Todas estas três filosofias são subjetivistas, uma tese que insiste no homem como o centro do mundo. É um antropocentrismo tão falso quanto os outros que já passaram pela história.

Poderíamos incluir ainda outras tantas filosofias que possuem teses antirrealistas, como o relativismo, textualismo, neopragmatismo, hermenêutica filosófica e os autodenominados “pós-modernos”, que são uma mescla de tudo isso.

Mas e então, depois de uma breve análise de filosofias caducas, o que nos sobra?

Um sistema filosófico conhecido como realismo científico postula, além de outras coisas, a existência de uma realidade independente do sujeito e a possibilidade de conhecê-la, embora de maneira parcial, aproximada, indireta e constantemente aperfeiçoada. Mas não seria ele apenas mais uma escola com suas convicções? Penso que não. Primeiro porque não se pode considerá-lo como escola, mas um sistema filosófico abrangente, com componentes ontológicos, epistemológicos, semânticos, metodológicos, axiológicos, morais e práticos. Além disso, suas afirmações não são puro non sense como boa parte das filosofias que eu citei acima. São baseadas em argumentos que a torna a mais plausível filosofia a se adotar.
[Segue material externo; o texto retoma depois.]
(* Write a_(t,k) for the positive and negative parts of the entries of eta_t, which are
   H_t-measurable and nonnegative, and U_(t,k) = Z . F_t(+-e_ij), which is integrable. Condition
   H-A gives Z . g <= S_T with S_t = sum_(s<=t) sum_k a_(s,k) U_(s,k), and (D1) says that
   sum_k a_(t,k) E[U_(t,k) | H_t] <= 0. Let C_t = sum_(s<=t) sum_k a_(s,k) E[U_(s,k) | H_t]; on the
   H_t-sets where the weights are bounded, C_t is the conditional expectation of S_t, so that
   E[Z . g | H_T] <= C_T. By induction on t, E[C_t^+] <= E[C_t^-]: by (D1) at time t + 1,
   C_(t+1) <= D = sum_(s<=t) sum_k a_(s,k) E[U_(s,k) | H_(t+1)], and D has the same integrals as
   C_t over those H_t-sets. This transfers the inequality from C_t to D: if E[D^-] is finite, then
   so is E[C_t^-], hence C_t and then D are integrable, with E[D] = E[C_t] <= 0. *)

definition gen_mean_nonpos :: "'a measure \<Rightarrow> ('a \<Rightarrow> real) \<Rightarrow> bool" where
  "gen_mean_nonpos M Y \<longleftrightarrow> (\<integral>\<^sup>+w. ennreal (Y w) \<partial>M) \<le> (\<integral>\<^sup>+w. ennreal (- Y w) \<partial>M)"

lemma gen_mean_nonpos_mono:
  assumes "AE w in M. Y w \<le> Y' w" and "gen_mean_nonpos M Y'"
  shows "gen_mean_nonpos M Y"
proof -
  have "(\<integral>\<^sup>+w. ennreal (Y w) \<partial>M) \<le> (\<integral>\<^sup>+w. ennreal (Y' w) \<partial>M)"
    using assms(1) by (intro nn_integral_mono_AE) (auto elim!: eventually_mono intro: ennreal_leI)
  also have "\<dots> \<le> (\<integral>\<^sup>+w. ennreal (- Y' w) \<partial>M)"
    using assms(2) unfolding gen_mean_nonpos_def .
  also have "\<dots> \<le> (\<integral>\<^sup>+w. ennreal (- Y w) \<partial>M)"
    using assms(1) by (intro nn_integral_mono_AE) (auto elim!: eventually_mono intro: ennreal_leI)
  finally show ?thesis unfolding gen_mean_nonpos_def .
qed

lemma gen_mean_nonpos_iff_integral_nonpos:
  assumes "integrable M Y"
  shows "gen_mean_nonpos M Y \<longleftrightarrow> integral\<^sup>L M Y \<le> 0"
  using assms by (elim integrableE) (auto simp: gen_mean_nonpos_def)

lemma ennreal_integral_le_nn_integral:
  assumes "integrable M f"
  shows "ennreal (integral\<^sup>L M f) \<le> (\<integral>\<^sup>+w. ennreal (f w) \<partial>M)"
  using assms by (elim integrableE) (auto intro: ennreal_leI)

lemma nn_integral_le_integral_plus_neg:
  assumes "integrable M f"
  shows "(\<integral>\<^sup>+w. ennreal (f w) \<partial>M) \<le> ennreal (integral\<^sup>L M f) + (\<integral>\<^sup>+w. ennreal (- f w) \<partial>M)"
  using assms
proof (elim integrableE)
  fix r q :: real assume "0 \<le> r" "0 \<le> q" and eqs: "(\<integral>\<^sup>+w. ennreal (f w) \<partial>M) = ennreal r"
    "(\<integral>\<^sup>+w. ennreal (- f w) \<partial>M) = ennreal q" "integral\<^sup>L M f = r - q"
  show ?thesis
  proof (cases "q \<le> r")
    case True then show ?thesis unfolding eqs using \<open>0 \<le> q\<close> by (simp add: ennreal_plus[symmetric])
  next
    case False then show ?thesis unfolding eqs by (simp add: ennreal_leI add_increasing)
  qed
qed

lemma nn_integral_SUP_indicator_incseq:
  assumes [measurable]: "h \<in> borel_measurable M" "\<And>n. L n \<in> sets M"
    and "incseq L" and cover: "\<And>w. w \<in> space M \<Longrightarrow> \<exists>n. w \<in> L n"
  shows "(\<integral>\<^sup>+w. h w \<partial>M) = (SUP n. \<integral>\<^sup>+w. h w * indicator (L n) w \<partial>M)"
proof -
  have "(\<integral>\<^sup>+w. h w \<partial>M) = (\<integral>\<^sup>+w. (SUP n. h w * indicator (L n) w) \<partial>M)"
  proof (intro nn_integral_cong antisym)
    fix w assume "w \<in> space M"
    then obtain n where "w \<in> L n" using cover by blast
    then show "h w \<le> (SUP n. h w * indicator (L n) w)"
      by (intro SUP_upper2[of n]) auto
  qed (auto intro!: SUP_least simp: indicator_def)
  also have "\<dots> = (SUP n. \<integral>\<^sup>+w. h w * indicator (L n) w \<partial>M)"
    using \<open>incseq L\<close>
    by (intro nn_integral_monotone_convergence_SUP)
       (auto simp: incseq_def le_fun_def indicator_def intro!: mult_left_mono)
  finally show ?thesis .
qed

lemma tendsto_integral_indicator_incseq:
  fixes f :: "'a \<Rightarrow> real"
  assumes "integrable M f" "\<And>n. L n \<in> sets M"
    and "incseq L" and cover: "\<And>w. w \<in> space M \<Longrightarrow> \<exists>n. w \<in> L n"
  shows "(\<lambda>n. \<integral>w. indicator (L n) w * f w \<partial>M) \<longlonglongrightarrow> integral\<^sup>L M f"
proof (rule integral_dominated_convergence[where w="\<lambda>w. \<bar>f w\<bar>"])
  show "AE w in M. (\<lambda>n. indicator (L n) w * f w) \<longlonglongrightarrow> f w"
  proof (rule AE_I2)
    fix w assume "w \<in> space M"
    then have "indicator (\<Union>n. L n) w = (1::real)"
      using cover by auto
    moreover have "(\<lambda>n. indicator (L n) w * f w) \<longlonglongrightarrow> indicator (\<Union>n. L n) w * f w"
      by (intro tendsto_mult_right LIMSEQ_indicator_incseq \<open>incseq L\<close>)
    ultimately show "(\<lambda>n. indicator (L n) w * f w) \<longlonglongrightarrow> f w"
      by simp
  qed
qed (use assms in \<open>auto simp: indicator_def\<close>)

lemma integrable_bounded_mult:
  fixes f g :: "'a \<Rightarrow> real"
  assumes "f \<in> borel_measurable M" "\<And>w. \<bar>f w\<bar> \<le> c" "integrable M g"
  shows "integrable M (\<lambda>w. f w * g w)"
proof (rule Bochner_Integration.integrable_bound)
  show "integrable M (\<lambda>w. c * g w)"
    using assms(3) by simp
  have "\<bar>f w * g w\<bar> \<le> \<bar>c * g w\<bar>" for w
  proof -
    have "\<bar>f w * g w\<bar> \<le> c * \<bar>g w\<bar>"
      using mult_right_mono[OF assms(2), of "\<bar>g w\<bar>"] by (simp add: abs_mult)
    also have "\<dots> \<le> \<bar>c * g w\<bar>"
      by (simp add: abs_mult mult_right_mono)
    finally show ?thesis .
  qed
  then show "AE w in M. norm (f w * g w) \<le> norm (c * g w)"
    by simp
qed (use assms in auto)
theorem lemma2p1:
  fixes V :: "'a set" and E :: "'a set set" and u v :: 'a
  assumes G: "simple_graph V E"
    and uv: "{u, v} \<in> E"
  defines "W1 \<equiv> nbhd E u - cnbhd E v"
    and "W2 \<equiv> nbhd E u \<inter> nbhd E v"
    and "W3 \<equiv> nbhd E v - cnbhd E u"
    and "W4 \<equiv> V - (cnbhd E u \<union> cnbhd E v)"
  assumes h1: "\<not> (\<exists>M\<in>MIM E. covered M \<subseteq> W1 \<union> W4 \<and> covered M \<inter> W1 \<noteq> {})"
    and h3: "\<not> (\<exists>M\<in>MIM E. covered M \<subseteq> W3 \<union> W4 \<and> covered M \<inter> W3 \<noteq> {})"
  shows "card (MIM (shift E u v)) \<ge> card (MIM E) \<or> card (MIM (shift E v u)) \<ge> card (MIM E)"
proof -
  have vu: "{v, u} \<in> E" using uv by (simp add: insert_commute)
  have W4: "W4 = V - (cnbhd E v \<union> cnbhd E u)" unfolding W4_def by blast
  have to_u: "card (MIM_class E u v True True) + 2 * card (MIM_class E u v False True)
      + card (MIM_class E u v False False) \<le> card (MIM (shift E u v))"
    and to_v: "card (MIM_class E v u True True) + 2 * card (MIM_class E v u False True)
      + card (MIM_class E v u False False) \<le> card (MIM (shift E v u))"
    using card_MIM_shift_lower_bound[OF G uv h1[unfolded W1_def W4_def]]
      card_MIM_shift_lower_bound[OF G vu h3[unfolded W3_def W4]] by simp_all
  have "card (MIM E) = card (MIM_class E u v True True) + card (MIM_class E u v True False)
      + card (MIM_class E u v False True) + card (MIM_class E u v False False)"
    using card_MIM_classes[OF finite_MIM[OF simple_graph_finite_edges[OF G]]] .
  then show ?thesis using to_u to_v unfolding MIM_class_commute[of E v u] by linarith
qed

end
Esse sobrenome científico no realismo não o torna uma ciência ou uma tentativa de reduzir a filosofia à ciência, refere-se simplesmente a uma filosofia que está de acordo com o conhecimento científico. Como eu citei acima, ela possui sete componentes que a tornam um sistema filosófico coeso. Isso é filosofia, sem dúvida, mas que pode soar estranho porque poucas vezes na história a filosofia abraçou e teve noites de amor com a famigerada ciência.

Cito agora alguns argumentos que me veio à mente (diga-se de passagem, a neurociência nos dá evidências de que a mente é um processo cerebral. E não se pode fazer filosofia alheia ao conhecimento científico. A filosofia da mente que exibi o idealismo simplesmente o faz porque conduz seus estudos de forma a priori, sem a ajuda das ciências da mente).  Juntas estas proposições dão respaldo ao realismo científico:

(a)  interagimos no mundo, de modo que conseguimos satisfazer questões práticas;
(b) há coisas que não observamos diretamente (númenos sem fenômenos);
(c) a ciência avança e é a atividade de maior sucesso já conhecida;
(d) postulamos hipóteses que muitas vezes não se adéquam aos fatos.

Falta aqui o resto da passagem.